Lexus’un ilk günden bu yana otomobil tasarımında uyguladığı “yet” felsefesi, zıtlıkların bir araya geldiğinde yarattığı uyumu ifade ediyor. Lexus Tasarım Ödülleri’nin 2017 finalistlerinden muz yaprağı bandaj ve taşınabilir seramik fırını tasarımlarıyla birlikte; Pixel gibi “prototip yapma hakkı kazanan” Structural Color projesi de kendine has bir biçimde yet felsefesinin altını çiziyor.
“Durağan ama değişken” sloganıyla yet felsefesini selamlayan Structural Color projesi, bakış açınıza göre değişkenlik gösteren statik bir yapıdan oluşuyor. Doğada meydana gelen olaylardan ve nano yapılardan esinleniyor. Tasarımcı Jessica Fügler bu durumu şöyle açıklıyor: “Doğada gördüğümüz renkler, pigmentlerden kaynaklanmıyor. Işığın titreşme, kırılma ve dağılma gibi optik olaylarla bükülmesi gibi olaylardan kaynaklanıyor. Bu olayların temelinde ise “mikroskobik yapısal özellikler” yatıyor. Örneğin, kuş tüylerindeki veya kelebek kanatlarındaki hücresel yapılar bu mikroskobik yapısal özellikler arasında sayılabilir. Projem için yüzeyleri, izleyicinin bakış açısına göre değişen büyük ölçekli yapılar yarattım ve doğada bulunan bu olayı soyut bir şekilde ortaya koymak istedim.”.

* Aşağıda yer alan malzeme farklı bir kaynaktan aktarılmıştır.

definition mat_reduction :: "W mat \<Rightarrow> nat set \<Rightarrow> W mat" where
  "mat_reduction N I =
    (let Ic = {0..<dim_row N} - I;
         A = submatrix N Ic Ic; B = submatrix N Ic I;
         C = submatrix N I Ic; D = submatrix N I I;
         Ainv = (SOME X. inverts_mat A X \<and> inverts_mat X A)
     in if I = {0..<dim_row N} then N else D - C * Ainv * B)"

definition reduction_defined :: "W mat \<Rightarrow> nat set \<Rightarrow> bool" where
  "reduction_defined N I \<longleftrightarrow> I = {0..<dim_row N} \<or>
     invertible_mat (submatrix N ({0..<dim_row N} - I) ({0..<dim_row N} - I))"

end

theory Submission
  imports Defs "Jordan_Normal_Form.Determinant"
begin

text \<open>Put T = V - S. Because the loopless part of G on T is acyclic and lam is not a loop weight
  there, the inverse of the T-block of lam I - M is the finite sum over simple paths w_1, ..., w_m in T
  of the product of the edge weights M(w_k, w_k+1) divided by the product of lam - M(w_k, w_k) over
  all its vertices; this is verified through the first-step recurrence for these sums. A branch from i to j in S is either the
  edge i -> j or i followed by such a simple path followed by j, and its weight P_omega is M(i, w_1)
  times the path's weight times M(w_m, j). Hence the branch sums form M_SS + M_ST (lam I - M_TT)^-1 M_TS,
  which is the Schur complement of M - lam I with respect to T, shifted by lam I.\<close>

lemma bij_betw_pick:
  assumes "finite A"
  shows "bij_betw (pick A) {0..<card A} A"
proof -
  have inj: "inj_on (pick A) {0..<card A}"
    by (rule inj_onI) (metis atLeastLessThan_iff nat_neq_iff pick_mono_le)
  have "pick A ` {0..<card A} \<subseteq> A"
    using pick_in_set_le by auto
  moreover have "card (pick A ` {0..<card A}) = card A"
    using card_image[OF inj] by simp
  ultimately have "pick A ` {0..<card A} = A"
    using card_subset_eq[OF assms] by blast
  with inj show ?thesis
    unfolding bij_betw_def by simp
qed

lemma sum_pick: "finite A \<Longrightarrow> (\<Sum>a = 0..<card A. g (pick A a)) = (\<Sum>x\<in>A. g x)"
  using sum.reindex_bij_betw[OF bij_betw_pick] by blast

lemma pick_eq_iff: "finite A \<Longrightarrow> a < card A \<Longrightarrow> b < card A \<Longrightarrow> pick A a = pick A b \<longleftrightarrow> a = b"
  using bij_betw_pick[of A] unfolding bij_betw_def inj_on_def by auto

lemma pick_atLeast0LessThan:
  assumes "a < n"
  shows "pick {0..<n} a = a"
proof -
  have "{x \<in> {0..<n}. x < pick {0..<n} a} = {0..<pick {0..<n} a}"
    using pick_in_set_le[of a "{0..<n}"] assms by auto
  then show ?thesis
    using card_pick_le[of a "{0..<n}"] assms by simp
qed

definition mat_on :: "nat set \<Rightarrow> nat set \<Rightarrow> (nat \<Rightarrow> nat \<Rightarrow> 'a) \<Rightarrow> 'a mat" where
  "mat_on I J f = mat (card I) (card J) (\<lambda>(a, b). f (pick I a) (pick J b))"

lemma mat_on_carrier [simp]: "mat_on I J f \<in> carrier_mat (card I) (card J)"
  and dim_mat_on [simp]: "dim_row (mat_on I J f) = card I" "dim_col (mat_on I J f) = card J"
  by (simp_all add: mat_on_def)

lemma index_mat_on [simp]:
  "a < card I \<Longrightarrow> b < card J \<Longrightarrow> mat_on I J f $$ (a, b) = f (pick I a) (pick J b)"
  by (simp add: mat_on_def)

lemma mat_on_cong:
  assumes "\<And>i j. i \<in> I \<Longrightarrow> j \<in> J \<Longrightarrow> f i j = g i j"
  shows "mat_on I J f = mat_on I J g"
  using assms pick_in_set_le by (auto intro!: eq_matI)

lemma submatrix_eq_mat_on:
  assumes "X \<in> carrier_mat n n" "I \<subseteq> {0..<n}" "J \<subseteq> {0..<n}"
  shows "submatrix X I J = mat_on I J (\<lambda>i j. X $$ (i, j))"
proof -
  have "{i. i < n \<and> i \<in> I} = I" "{j. j < n \<and> j \<in> J} = J"
    using assms(2,3) by auto
  with assms(1) show ?thesis
    unfolding submatrix_def mat_on_def by simp
qed

lemma mat_on_mult:
  fixes f g :: "nat \<Rightarrow> nat \<Rightarrow> 'a :: semiring_0"
  assumes "finite K"
  shows "mat_on I K f * mat_on K J g = mat_on I J (\<lambda>i j. \<Sum>k\<in>K. f i k * g k j)"
  by (rule eq_matI) (simp_all add: scalar_prod_def sum_pick[OF assms, symmetric])

lemma one_mat_eq_mat_on: "finite I \<Longrightarrow> 1\<^sub>m (card I) = mat_on I I (\<lambda>i j. if i = j then 1 else 0)"
  by (rule eq_matI) (simp_all add: pick_eq_iff)

lemma mat_right_inverse_unique:
  fixes A X :: "'a :: field mat"
  assumes A: "A \<in> carrier_mat k k" and X: "X \<in> carrier_mat k k" and AX: "A * X = 1\<^sub>m k"
  shows "invertible_mat A" "(SOME Y. inverts_mat A Y \<and> inverts_mat Y A) = X"
proof -
  have "X * A = 1\<^sub>m k"
    by (rule mat_mult_left_right_inverse[OF A X AX])
  then have inv: "inverts_mat A X \<and> inverts_mat X A"
    unfolding inverts_mat_def using A X AX by simp
  then show "invertible_mat A"
    unfolding invertible_mat_def using A by auto
  define Y where "Y = (SOME Y. inverts_mat A Y \<and> inverts_mat Y A)"
  have "inverts_mat A Y \<and> inverts_mat Y A"
    unfolding Y_def using inv by (rule someI)
  then have AY: "A * Y = 1\<^sub>m k" and YA: "Y * A = 1\<^sub>m (dim_row Y)"
    using A unfolding inverts_mat_def by auto
  have Y: "Y \<in> carrier_mat k k"
    using arg_cong[OF AY, of dim_col] arg_cong[OF YA, of dim_col] A by auto
  have "Y = Y * (A * X)"
    using AX Y by simp
  also have "\<dots> = (Y * A) * X"
    using A X Y by (simp add: assoc_mult_mat)
  also have "\<dots> = X"
    using YA X Y by simp
  finally show "(SOME Y. inverts_mat A Y \<and> inverts_mat Y A) = X"
    unfolding Y_def .
qed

ABD’li tasarımcı Jessica Fügler, Royal College of Art’ın Tasarım Ürünleri programından mezun. Tasarım fikrini, bilime ve kültüre olan merakına ve araştırma hevesine borçlu olduğunu söylüyor. Fügler’in prototip danışmanı, başka bir deyişle tasarımını hayata geçirmesine yardımcı olan Elena Manferdi ise Venedik ve Kaliforniya’da ofisleri bulunan Atelier Manferdini’nin kurucusu ve sahibi. Manferdi, Los Angeles’taki Çağdaş Sanat Müzesi Pavyonu da dahil olmak üzere ABD, Avrupa ve Asya’da pek çok tasarım, sanat ve mimari projelerini hayata geçirmiş deneyimli bir isim. Şimdiye kadar Swarovski, Sephora gibi büyük markalarla çalışmış olmasının yanı sıra işleri Elle, Vogue ve New York Times gibi mecralarda yer almış.